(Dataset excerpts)
**********

(* Let $n_0$ be a nonnegative bounded measurable function on $(0,\infty)$ with $\lim_{x\to\infty}x^2n_0(x)=0$, and let $n$ be the global solution of the Kompaneets problem with initial data $n_0$. Then whenever $0\le s\le t$, \[ N(n_t) + \int_s^t n_\tau(0)^2\,d\tau = N(n_s). \]
   Context: The Kompaneets problem: for $x>0$, $t>0$, $\partial_t n = \partial_x J$ with $J(x,n) = x^2\partial_x n + (x^2-2x)n + n^2$, together with $\lim_{x\to\infty} J(x,n_t)=0$; no boundary condition at $x=0$. $n_t(x)=n(x,t)$. For such $n_0$ there is a unique nonnegative solution $n \in C([0,\infty);L^1)\cap L^\infty_{loc}([0,\infty);L^\infty)\cap C^{2,1}((0,\infty)^2)$ (the global solution); it satisfies, for every $T<\infty$, $x^2n_t(x)\to0$ as $x\to\infty$ uniformly for $0\le t<T$ and $x^2\partial_xn(x,t)\to 0$ uniformly on $\{1/x^2\le t<T\}$. For $t>0$, $n_t(0)=\lim_{x\to0^+}n_t(x)$ (which exists). $N(n)=\int_0^\infty n\,dx$. *)

theory Defs
  imports "HOL-Analysis.Analysis"
begin

text \<open>Solutions are functions n x t (space variable x first, time t second),
  only their values on x > 0, t \<ge> 0 matter.\<close>

definition kompaneets_flux ::
  "(real \<Rightarrow> real \<Rightarrow> real) \<Rightarrow> (real \<Rightarrow> real \<Rightarrow> real) \<Rightarrow> real \<Rightarrow> real \<Rightarrow> real" where
  "kompaneets_flux n nx x t = x\<^sup>2 * nx x t + (x\<^sup>2 - 2 * x) * n x t + (n x t)\<^sup>2"

definition photon_number :: "(real \<Rightarrow> real \<Rightarrow> real) \<Rightarrow> real \<Rightarrow> real" where
  "photon_number n t = integral {0<..} (\<lambda>x. n x t)"

definition boundary_value :: "(real \<Rightarrow> real \<Rightarrow> real) \<Rightarrow> real \<Rightarrow> real" where
  "boundary_value n t = Lim (at_right 0) (\<lambda>x. n x t)"

text \<open>n is the (unique) nonnegative global solution of the Kompaneets problem with
  initial datum n0, in the class
  C([0,\<infinity>);L^1) \<inter> L^\<infinity>_loc([0,\<infinity>);L^\<infinity>) \<inter> C^{2,1}((0,\<infinity>)^2),
  together with the properties the global solution is known to satisfy.\<close>
definition kompaneets_global_solution ::
  "(real \<Rightarrow> real) \<Rightarrow> (real \<Rightarrow> real \<Rightarrow> real) \<Rightarrow> bool" where
  "kompaneets_global_solution n0 n \<longleftrightarrow>
     \<comment> \<open>initial datum and nonnegativity\<close>
     (\<forall>x>0. n x 0 = n0 x) \<and>
     (\<forall>x>0. \<forall>t\<ge>0. 0 \<le> n x t) \<and>
     \<comment> \<open>C([0,\<infinity>);L^1)\<close>
     (\<forall>t\<ge>0. (\<lambda>x. n x t) absolutely_integrable_on {0<..}) \<and>
     (\<forall>t\<ge>0. ((\<lambda>s. integral {0<..} (\<lambda>x. \<bar>n x s - n x t\<bar>)) \<longlongrightarrow> 0)
                 (at t within {0..})) \<and>
     \<comment> \<open>L^\<infinity>_loc([0,\<infinity>);L^\<infinity>)\<close>
     (\<forall>T. \<exists>M. \<forall>t\<in>{0..T}. \<forall>x>0. \<bar>n x t\<bar> \<le> M) \<and>
     \<comment> \<open>C^{2,1} on (0,\<infinity>)^2, the equation, boundary condition and decay\<close>
     (\<exists>nx nxx nt.
        continuous_on ({0<..} \<times> {0<..}) (\<lambda>(x,t). n x t) \<and>
        continuous_on ({0<..} \<times> {0<..}) (\<lambda>(x,t). nx x t) \<and>
        continuous_on ({0<..} \<times> {0<..}) (\<lambda>(x,t). nxx x t) \<and>
        continuous_on ({0<..} \<times> {0<..}) (\<lambda>(x,t). nt x t) \<and>
        (\<forall>x>0. \<forall>t>0.
           ((\<lambda>y. n y t) has_real_derivative nx x t) (at x) \<and>
           ((\<lambda>y. nx y t) has_real_derivative nxx x t) (at x) \<and>
           ((\<lambda>s. n x s) has_real_derivative nt x t) (at t) \<and>
           \<comment> \<open>\<partial>_t n = \<partial>_x J\<close>
           ((\<lambda>y. kompaneets_flux n nx y t) has_real_derivative nt x t) (at x)) \<and>
        \<comment> \<open>lim_{x\<rightarrow>\<infinity>} J(x,n_t) = 0\<close>
        (\<forall>t>0. ((\<lambda>x. kompaneets_flux n nx x t) \<longlongrightarrow> 0) at_top) \<and>
        \<comment> \<open>x^2 n_t(x) \<rightarrow> 0 uniformly for 0 \<le> t < T\<close>
        (\<forall>T. \<forall>e>0. \<exists>R. \<forall>x\<ge>R. \<forall>t. 0 \<le> t \<and> t < T \<longrightarrow> \<bar>x\<^sup>2 * n x t\<bar> < e) \<and>
        \<comment> \<open>x^2 \<partial>_x n \<rightarrow> 0 uniformly on {1/x^2 \<le> t < T}\<close>
        (\<forall>T. \<forall>e>0. \<exists>R>0. \<forall>x\<ge>R. \<forall>t. 1 / x\<^sup>2 \<le> t \<and> t < T \<longrightarrow> \<bar>x\<^sup>2 * nx x t\<bar> < e)) \<and>
     \<comment> \<open>n_t(0) = lim_{x\<rightarrow>0+} n_t(x) exists for t > 0\<close>
     (\<forall>t>0. \<exists>L. ((\<lambda>x. n x t) \<longlongrightarrow> L) (at_right 0))"

end

theory Submission
  imports Defs
begin

text \<open>
  For \<open>0 < s \<le> t\<close>, integrating \<open>\<partial>\<^sub>t n = \<partial>\<^sub>x J\<close> over \<open>[a,b] \<times> [s,t]\<close> gives
  \<open>\<integral>\<^sub>a\<^sup>b (n\<^sub>s - n\<^sub>t) = W a - W b\<close> with \<open>W y = \<integral>\<^sub>s\<^sup>t J(y,\<tau>) d\<tau>\<close>.
  The uniform decay of \<open>x\<^sup>2 n\<close> and \<open>x\<^sup>2 \<partial>\<^sub>x n\<close> makes \<open>W b \<rightarrow> 0\<close> as \<open>b \<rightarrow> \<infinity>\<close>, hence
  \<open>W a \<rightarrow> N(n\<^sub>s) - N(n\<^sub>t)\<close> as \<open>a \<rightarrow> 0+\<close>.
  Near the origin split \<open>J = \<partial>\<^sub>x(x\<^sup>2 n) + (x\<^sup>2 - 4x) n + n\<^sup>2\<close>: then \<open>W = Q' + V\<close>, where
  \<open>Q a = \<integral>\<^sub>s\<^sup>t a\<^sup>2 n(a,\<tau>) d\<tau> = O(a\<^sup>2)\<close> and \<open>V a \<rightarrow> \<integral>\<^sub>s\<^sup>t n\<^sub>\<tau>(0)\<^sup>2 d\<tau>\<close> by dominated
  convergence. Since \<open>Q'\<close> has a limit at \<open>0+\<close> and \<open>Q = O(a\<^sup>2)\<close>, L'Hopital's rule applied
  to \<open>Q a / a\<close> shows that this limit is \<open>0\<close>, which is the identity.
  The case \<open>s = 0\<close> follows by monotone convergence, using the \<open>L\<^sup>1\<close>-continuity of the
  solution at time \<open>0\<close>.
\<close>

lemma deriv_limit_eq_0_if_quadratic_bound:
  fixes Q D :: "real \<Rightarrow> real"
  assumes der: "\<And>a. a > 0 \<Longrightarrow> (Q has_real_derivative D a) (at a)"
    and bound: "\<And>a. a > 0 \<Longrightarrow> \<bar>Q a\<bar> \<le> K * a\<^sup>2"
    and lim: "(D \<longlongrightarrow> L) (at_right 0)"
  shows "L = 0"
proof -
  have ev_pos: "\<forall>\<^sub>F a in at_right 0. a > (0::real)"
    by (simp add: eventually_at_right_less)
  have "((\<lambda>a. K * a\<^sup>2) \<longlongrightarrow> 0) (at_right 0)" "((\<lambda>a. K * a) \<longlongrightarrow> 0) (at_right 0)"
    by (auto intro!: tendsto_eq_intros)
  moreover have "\<forall>\<^sub>F a in at_right 0. norm (Q a) \<le> K * a\<^sup>2"
    using ev_pos by eventually_elim (simp add: bound)
  moreover have "\<forall>\<^sub>F a in at_right 0. norm (Q a / a) \<le> K * a"
    using ev_pos by eventually_elim
      (use bound in \<open>auto simp: abs_divide divide_le_eq power2_eq_square mult.assoc\<close>)
  ultimately have Q0: "(Q \<longlongrightarrow> 0) (at_right 0)" and Q_div: "((\<lambda>a. Q a / a) \<longlongrightarrow> 0) (at_right 0)"
    by (auto intro: Lim_null_comparison)
  have "((\<lambda>a. Q a / a) \<longlongrightarrow> L) (at_right 0)"
  proof (rule lhopital_right_0[OF Q0 tendsto_ident_at])
    show "\<forall>\<^sub>F a in at_right 0. a \<noteq> (0::real)"
      by (rule eventually_mono[OF ev_pos]) simp
    show "\<forall>\<^sub>F a in at_right 0. (1::real) \<noteq> 0"
      by simp
    show "\<forall>\<^sub>F a in at_right 0. (Q has_real_derivative D a) (at a)"
      using ev_pos by (auto elim: eventually_mono intro: der)
    show "\<forall>\<^sub>F a in at_right 0. ((\<lambda>a. a) has_real_derivative 1) (at a)"
      by (simp add: DERIV_ident)
    show "((\<lambda>a. D a / 1) \<longlongrightarrow> L) (at_right 0)"
      using lim by simp
  qed
  with Q_div show ?thesis
    using tendsto_unique[OF trivial_limit_at_right_real] by blast
qed

lemma continuous_on_slice_fst:
  assumes "continuous_on (A \<times> B) (\<lambda>(x, y). f x y)" "y \<in> B"
  shows "continuous_on A (\<lambda>x. f x y)"
proof -
  have "continuous_on A (\<lambda>x. (\<lambda>(x, y). f x y) (x, y))"
    by (rule continuous_on_compose2[OF assms(1)]) (use assms(2) in \<open>auto intro!: continuous_intros\<close>)
  then show ?thesis by simp
qed

lemma continuous_on_slice_snd:
  assumes "continuous_on (A \<times> B) (\<lambda>(x, y). f x y)" "x \<in> A"
  shows "continuous_on B (f x)"
proof -
  have "continuous_on B (\<lambda>y. (\<lambda>(x, y). f x y) (x, y))"
    by (rule continuous_on_compose2[OF assms(1)]) (use assms(2) in \<open>auto intro!: continuous_intros\<close>)
  then show ?thesis by simp
qed

lemma tendsto_integral_atLeastAtMost_at_top:
  fixes f :: "real \<Rightarrow> 'a::euclidean_space"
  assumes "f absolutely_integrable_on {a..}"
  shows "((\<lambda>b. integral {a..b} f) \<longlongrightarrow> integral {a..} f) at_top"
proof -
  have "((\<lambda>b. LINT x:{a..b}|lebesgue. f x) \<longlongrightarrow> (LINT x:{a..}|lebesgue. f x)) at_top"
    using assms by (intro tendsto_set_lebesgue_integral_at_top) auto
  moreover have "(LINT x:{a..b}|lebesgue. f x) = integral {a..b} f" for b
    by (rule set_lebesgue_integral_eq_integral(2), rule set_integrable_subset[OF assms]) auto
  ultimately show ?thesis
    using set_lebesgue_integral_eq_integral(2)[OF assms] by simp
qed

lemma tendsto_integral_atLeast_at_right:
  fixes f :: "real \<Rightarrow> 'a::euclidean_space"
  assumes f: "f absolutely_integrable_on {a<..}"
  shows "((\<lambda>c. integral {c..} f) \<longlongrightarrow> integral {a<..} f) (at_right a)"
proof (rule tendsto_at_right_sequentially[of a "a + 1"])
  fix S :: "nat \<Rightarrow> real"
  assume S: "\<And>n. a < S n" "\<And>n. S n < a + 1" "decseq S" "S \<longlonglongrightarrow> a"
  have union: "(\<Union>n. {S n..}) = {a<..}"
  proof (intro antisym subsetI)
    fix x assume "x \<in> (\<Union>n. {S n..})"
    then obtain n where "S n \<le> x" by auto
    with S(1)[of n] show "x \<in> {a<..}" by auto
  next
    fix x assume "x \<in> {a<..}"
    then have "\<forall>\<^sub>F n in sequentially. S n < x"
      using order_tendstoD(2)[OF S(4)] by auto
    then obtain n where "S n < x"
      using eventually_sequentially by auto
    then show "x \<in> (\<Union>n. {S n..})" by (auto intro: less_imp_le)
  qed
  have int_S: "f absolutely_integrable_on {S n..}" for n
    using S(1)[of n] by (intro set_integrable_subset[OF f]) auto
  have "(\<lambda>n. LINT x:{S n..}|lebesgue. f x) \<longlonglongrightarrow> (LINT x:(\<Union>n. {S n..})|lebesgue. f x)"
    by (rule set_integral_cont_up) (use S(3) f union in \<open>auto simp: incseq_def decseq_def\<close>)
  then show "(\<lambda>n. integral {S n..} f) \<longlonglongrightarrow> integral {a<..} f"
    using union int_S f by (simp add: set_lebesgue_integral_eq_integral)
qed simp

lemma decseq_converging_to_left_endpoint:
  fixes a b :: real
  assumes "a < b"
  obtains X where "\<And>n. a < X n" "\<And>n. X n < b" "decseq X" "X \<longlonglongrightarrow> a"
proof
  define X where "X n = a + (b - a) / real (n + 2)" for n
  show "a < X n" "X n < b" for n
  proof -
    have "0 < (b - a) / real (n + 2)" "(b - a) / real (n + 2) < b - a"
      using \<open>a < b\<close> by (simp_all add: divide_less_eq)
    then show "a < X n" "X n < b"
      unfolding X_def by linarith+
  qed
  show "decseq X"
    unfolding decseq_def X_def using \<open>a < b\<close> by (auto intro!: divide_left_mono)
  have "(\<lambda>n. (b - a) / real (n + 2)) \<longlonglongrightarrow> 0"
    using LIMSEQ_ignore_initial_segment[OF lim_const_over_n[of "b - a"], of 2] by simp
  then show "X \<longlonglongrightarrow> a"
    unfolding X_def using tendsto_add[OF tendsto_const[of a]] by fastforce
qed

**********

_Task directions:_ Find and copy each line of the data where "moreover" is present.

_Answer area:_
  moreover have "\<forall>\<^sub>F a in at_right 0. norm (Q a) \<le> K * a\<^sup>2"
  moreover have "\<forall>\<^sub>F a in at_right 0. norm (Q a / a) \<le> K * a"
  moreover have "(LINT x:{a..b}|lebesgue. f x) = integral {a..b} f" for b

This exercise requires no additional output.